Regarding the question about the preferred resource allocation over the next five years, I would like to see someone take a stab at estimating the current allocation of resources over the same categories. My guess is that many of the cause areas are far from these numbers and it would imply a huge shift from status quo to increase or decrease the number of people and/or money going to each cause area.
The 3.5% allocation to wild animal welfare, for example, is 35 of the most engaged EAs contributing to the cause area and the money that goes with it. Or more people and less money if we trade off the resources against each other. Currently Wild Animal Initiative, the most significant EA actor in the field, employs eight people according a document on their website, most of them part-time. Going from here to 35 people would mean large investments and need of management, coordination and operations capacity. Especially if we should interpret it to mean 35 people on average over the next five years, given the position we’re starting at.

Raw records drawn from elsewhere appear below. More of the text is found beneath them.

lemma queries_per_item_bounds:
  assumes m: "3 \<le> m" and D: "real m powr (1/4) * (ln (real m))\<^sup>2 \<le> D"
  shows "1 \<le> queries_per_item m D" "queries_per_item m D \<le> 20 * m"
proof -
  let ?L = "ln (real m)"
  define X where "X = 15 * real m powr (3/2) / D\<^sup>2 * ?L + ?L\<^sup>2"
  have L: "1 \<le> ?L"
    using ln_ge_one[OF m] .
  have "0 < sqrt (real m) * ?L"
    using L m by simp
  with sqrt_mult_ln_le_sq[OF assms] have D2: "0 < D\<^sup>2"
    by linarith
  have "real m powr (3/2) = real m powr (1 + 1/2)"
    by simp
  also have "\<dots> = real m * sqrt (real m)"
    using m by (subst powr_add) (simp add: powr_half_sqrt)
  finally have "15 * real m powr (3/2) / D\<^sup>2 * ?L = 15 * real m * (sqrt (real m) * ?L) / D\<^sup>2"
    by simp
  also have "\<dots> \<le> 15 * real m"
    using sqrt_mult_ln_le_sq[OF assms] D2 by (simp add: divide_le_eq mult_left_mono)
  finally have "X \<le> 19 * real m"
    using ln_squared_le[of "real m"] m unfolding X_def by simp
  moreover have "1 \<le> X"
    using L unfolding X_def by (simp add: one_le_power add_increasing)
  moreover have "queries_per_item m D = nat \<lceil>X\<rceil>"
    unfolding queries_per_item_def X_def ..
  ultimately show "1 \<le> queries_per_item m D" "queries_per_item m D \<le> 20 * m"
    using m by linarith+
qed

I believe similar examples could be made from biosecurity (90 people and 9% of funding) or AI in shorter-timeline scenarios (180 people and 18% of funding). I guess that meta EA, global health and development and maybe farmed animal welfare are the categories that would need to scale back funding and people involved to reach these allocation targets.
Aaron commented that the respondents answered quickly to the survey questions, and this particular question even asks for a “rough” percentage of resource allocation. This might suggest that we shouldn’t look too much at the exact average numbers, but only note the order of cause areas from most to least resources allocated.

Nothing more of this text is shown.